**Data to examine:**
*-*-*

(* Let $(b,c)$ be a locally finite connected graph over a countable set $X$ with a nilpotent cocompact group action of $G$ such that $H_{b,c}$ is $G$-invariant. Then there exists a normal subgroup $R\subseteq G$ such that every $f\in\mathcal{H}^+_\mathbb{R}$ is $R$-invariant, $G/R\cong\mathbb{Z}^d$ for some $d\in\mathbb{N}_0$, and $R$ contains the stabiliser $\mathrm{Stab}(x)=\{g\in G:gx=x\}$ of every $x\in X$.
   Context: A graph over $X$ is $(b,c)$ with $b:X\times X\to[0,\infty)$, $c:X\to\mathbb{R}$, $\sum_yb(x,y)<\infty$ ($b$ need not be symmetric); locally finite: each $x$ has finitely many $y$ with $b(x,y)>0$; connected: any two points are joined by a finite sequence $y_1,\dots,y_n$ with $b(y_i,y_{i+1})>0$. $H_{b,c}f(x)=\sum_yb(x,y)(f(x)-f(y))+c(x)f(x)$ on $\mathrm{Dom}(H)=\{f:\sum_yb(x,y)|f(y)|<\infty\ \forall x\}$. $\mathcal{H}^+_\mathbb{R}$ is the set of all nonnegative, not identically zero $f\in\mathrm{Dom}(H)$ with $(H-\lambda)f=0$ for some $\lambda\in\mathbb{R}$. $T_gf(x)=f(g^{-1}x)$; cocompact: $GV=X$ for some finite $V$; $H$ is $G$-invariant if $T_g$ preserves $\mathrm{Dom}(H)$ and $HT_g=T_gH$; $f$ is $R$-invariant if $T_rf=f$ for all $r\in R$. *)

theory Defs
  imports "HOL-Analysis.Analysis" "HOL-Algebra.Free_Abelian_Groups" "HOL-Algebra.Group_Action"
begin

primrec lower_central :: "('g, 'm) monoid_scheme \<Rightarrow> nat \<Rightarrow> 'g set" where
  "lower_central G 0 = carrier G"
| "lower_central G (Suc n) =
     generate G {x \<otimes>\<^bsub>G\<^esub> y \<otimes>\<^bsub>G\<^esub> inv\<^bsub>G\<^esub> x \<otimes>\<^bsub>G\<^esub> inv\<^bsub>G\<^esub> y | x y.
                   x \<in> carrier G \<and> y \<in> lower_central G n}"

definition nilpotent_group :: "('g, 'm) monoid_scheme \<Rightarrow> bool" where
  "nilpotent_group G \<longleftrightarrow> group G \<and> (\<exists>n. lower_central G n = {\<one>\<^bsub>G\<^esub>})"

definition graph :: "('x \<Rightarrow> 'x \<Rightarrow> real) \<Rightarrow> ('x \<Rightarrow> real) \<Rightarrow> bool" where
  "graph b c \<longleftrightarrow> (\<forall>x y. 0 \<le> b x y) \<and> (\<forall>x. (\<lambda>y. b x y) summable_on UNIV)"

definition locally_finite :: "('x \<Rightarrow> 'x \<Rightarrow> real) \<Rightarrow> bool" where
  "locally_finite b \<longleftrightarrow> (\<forall>x. finite {y. b x y > 0})"

definition graph_connected :: "('x \<Rightarrow> 'x \<Rightarrow> real) \<Rightarrow> bool" where
  "graph_connected b \<longleftrightarrow> (\<forall>x y. (\<lambda>u v. b u v > 0)\<^sup>*\<^sup>* x y)"

definition dom_H :: "('x \<Rightarrow> 'x \<Rightarrow> real) \<Rightarrow> ('x \<Rightarrow> real) set" where
  "dom_H b = {f. \<forall>x. (\<lambda>y. b x y * \<bar>f y\<bar>) summable_on UNIV}"

definition H_op :: "('x \<Rightarrow> 'x \<Rightarrow> real) \<Rightarrow> ('x \<Rightarrow> real) \<Rightarrow> ('x \<Rightarrow> real) \<Rightarrow> 'x \<Rightarrow> real" where
  "H_op b c f x = (\<Sum>\<^sub>\<infinity>y. b x y * (f x - f y)) + c x * f x"

definition pos_eigenfunctions :: "('x \<Rightarrow> 'x \<Rightarrow> real) \<Rightarrow> ('x \<Rightarrow> real) \<Rightarrow> ('x \<Rightarrow> real) set" where
  "pos_eigenfunctions b c =
     {f \<in> dom_H b. (\<forall>x. 0 \<le> f x) \<and> f \<noteq> (\<lambda>_. 0) \<and> (\<exists>lam::real. \<forall>x. H_op b c f x - lam * f x = 0)}"

definition transl :: "('g, 'm) monoid_scheme \<Rightarrow> ('g \<Rightarrow> 'x \<Rightarrow> 'x) \<Rightarrow> 'g \<Rightarrow> ('x \<Rightarrow> real) \<Rightarrow> 'x \<Rightarrow> real" where
  "transl G \<phi> g f x = f (\<phi> (inv\<^bsub>G\<^esub> g) x)"

definition cocompact :: "('g, 'm) monoid_scheme \<Rightarrow> ('g \<Rightarrow> 'x \<Rightarrow> 'x) \<Rightarrow> bool" where
  "cocompact G \<phi> \<longleftrightarrow> (\<exists>V. finite V \<and> (\<Union>g\<in>carrier G. \<phi> g ` V) = UNIV)"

*-*-*

**Required action:** Repeat the whole listing exactly.

**Answer section:**
(* Let $(b,c)$ be a locally finite connected graph over a countable set $X$ with a nilpotent cocompact group action of $G$ such that $H_{b,c}$ is $G$-invariant. Then there exists a normal subgroup $R\subseteq G$ such that every $f\in\mathcal{H}^+_\mathbb{R}$ is $R$-invariant, $G/R\cong\mathbb{Z}^d$ for some $d\in\mathbb{N}_0$, and $R$ contains the stabiliser $\mathrm{Stab}(x)=\{g\in G:gx=x\}$ of every $x\in X$.
   Context: A graph over $X$ is $(b,c)$ with $b:X\times X\to[0,\infty)$, $c:X\to\mathbb{R}$, $\sum_yb(x,y)<\infty$ ($b$ need not be symmetric); locally finite: each $x$ has finitely many $y$ with $b(x,y)>0$; connected: any two points are joined by a finite sequence $y_1,\dots,y_n$ with $b(y_i,y_{i+1})>0$. $H_{b,c}f(x)=\sum_yb(x,y)(f(x)-f(y))+c(x)f(x)$ on $\mathrm{Dom}(H)=\{f:\sum_yb(x,y)|f(y)|<\infty\ \forall x\}$. $\mathcal{H}^+_\mathbb{R}$ is the set of all nonnegative, not identically zero $f\in\mathrm{Dom}(H)$ with $(H-\lambda)f=0$ for some $\lambda\in\mathbb{R}$. $T_gf(x)=f(g^{-1}x)$; cocompact: $GV=X$ for some finite $V$; $H$ is $G$-invariant if $T_g$ preserves $\mathrm{Dom}(H)$ and $HT_g=T_gH$; $f$ is $R$-invariant if $T_rf=f$ for all $r\in R$. *)

theory Defs
  imports "HOL-Analysis.Analysis" "HOL-Algebra.Free_Abelian_Groups" "HOL-Algebra.Group_Action"
begin

primrec lower_central :: "('g, 'm) monoid_scheme \<Rightarrow> nat \<Rightarrow> 'g set" where
  "lower_central G 0 = carrier G"
| "lower_central G (Suc n) =
     generate G {x \<otimes>\<^bsub>G\<^esub> y \<otimes>\<^bsub>G\<^esub> inv\<^bsub>G\<^esub> x \<otimes>\<^bsub>G\<^esub> inv\<^bsub>G\<^esub> y | x y.
                   x \<in> carrier G \<and> y \<in> lower_central G n}"

definition nilpotent_group :: "('g, 'm) monoid_scheme \<Rightarrow> bool" where
  "nilpotent_group G \<longleftrightarrow> group G \<and> (\<exists>n. lower_central G n = {\<one>\<^bsub>G\<^esub>})"

definition graph :: "('x \<Rightarrow> 'x \<Rightarrow> real) \<Rightarrow> ('x \<Rightarrow> real) \<Rightarrow> bool" where
  "graph b c \<longleftrightarrow> (\<forall>x y. 0 \<le> b x y) \<and> (\<forall>x. (\<lambda>y. b x y) summable_on UNIV)"

definition locally_finite :: "('x \<Rightarrow> 'x \<Rightarrow> real) \<Rightarrow> bool" where
  "locally_finite b \<longleftrightarrow> (\<forall>x. finite {y. b x y > 0})"

definition graph_connected :: "('x \<Rightarrow> 'x \<Rightarrow> real) \<Rightarrow> bool" where
  "graph_connected b \<longleftrightarrow> (\<forall>x y. (\<lambda>u v. b u v > 0)\<^sup>*\<^sup>* x y)"

definition dom_H :: "('x \<Rightarrow> 'x \<Rightarrow> real) \<Rightarrow> ('x \<Rightarrow> real) set" where
  "dom_H b = {f. \<forall>x. (\<lambda>y. b x y * \<bar>f y\<bar>) summable_on UNIV}"

definition H_op :: "('x \<Rightarrow> 'x \<Rightarrow> real) \<Rightarrow> ('x \<Rightarrow> real) \<Rightarrow> ('x \<Rightarrow> real) \<Rightarrow> 'x \<Rightarrow> real" where
  "H_op b c f x = (\<Sum>\<^sub>\<infinity>y. b x y * (f x - f y)) + c x * f x"

definition pos_eigenfunctions :: "('x \<Rightarrow> 'x \<Rightarrow> real) \<Rightarrow> ('x \<Rightarrow> real) \<Rightarrow> ('x \<Rightarrow> real) set" where
  "pos_eigenfunctions b c =
     {f \<in> dom_H b. (\<forall>x. 0 \<le> f x) \<and> f \<noteq> (\<lambda>_. 0) \<and> (\<exists>lam::real. \<forall>x. H_op b c f x - lam * f x = 0)}"

definition transl :: "('g, 'm) monoid_scheme \<Rightarrow> ('g \<Rightarrow> 'x \<Rightarrow> 'x) \<Rightarrow> 'g \<Rightarrow> ('x \<Rightarrow> real) \<Rightarrow> 'x \<Rightarrow> real" where
  "transl G \<phi> g f x = f (\<phi> (inv\<^bsub>G\<^esub> g) x)"

definition cocompact :: "('g, 'm) monoid_scheme \<Rightarrow> ('g \<Rightarrow> 'x \<Rightarrow> 'x) \<Rightarrow> bool" where
  "cocompact G \<phi> \<longleftrightarrow> (\<exists>V. finite V \<and> (\<Union>g\<in>carrier G. \<phi> g ` V) = UNIV)"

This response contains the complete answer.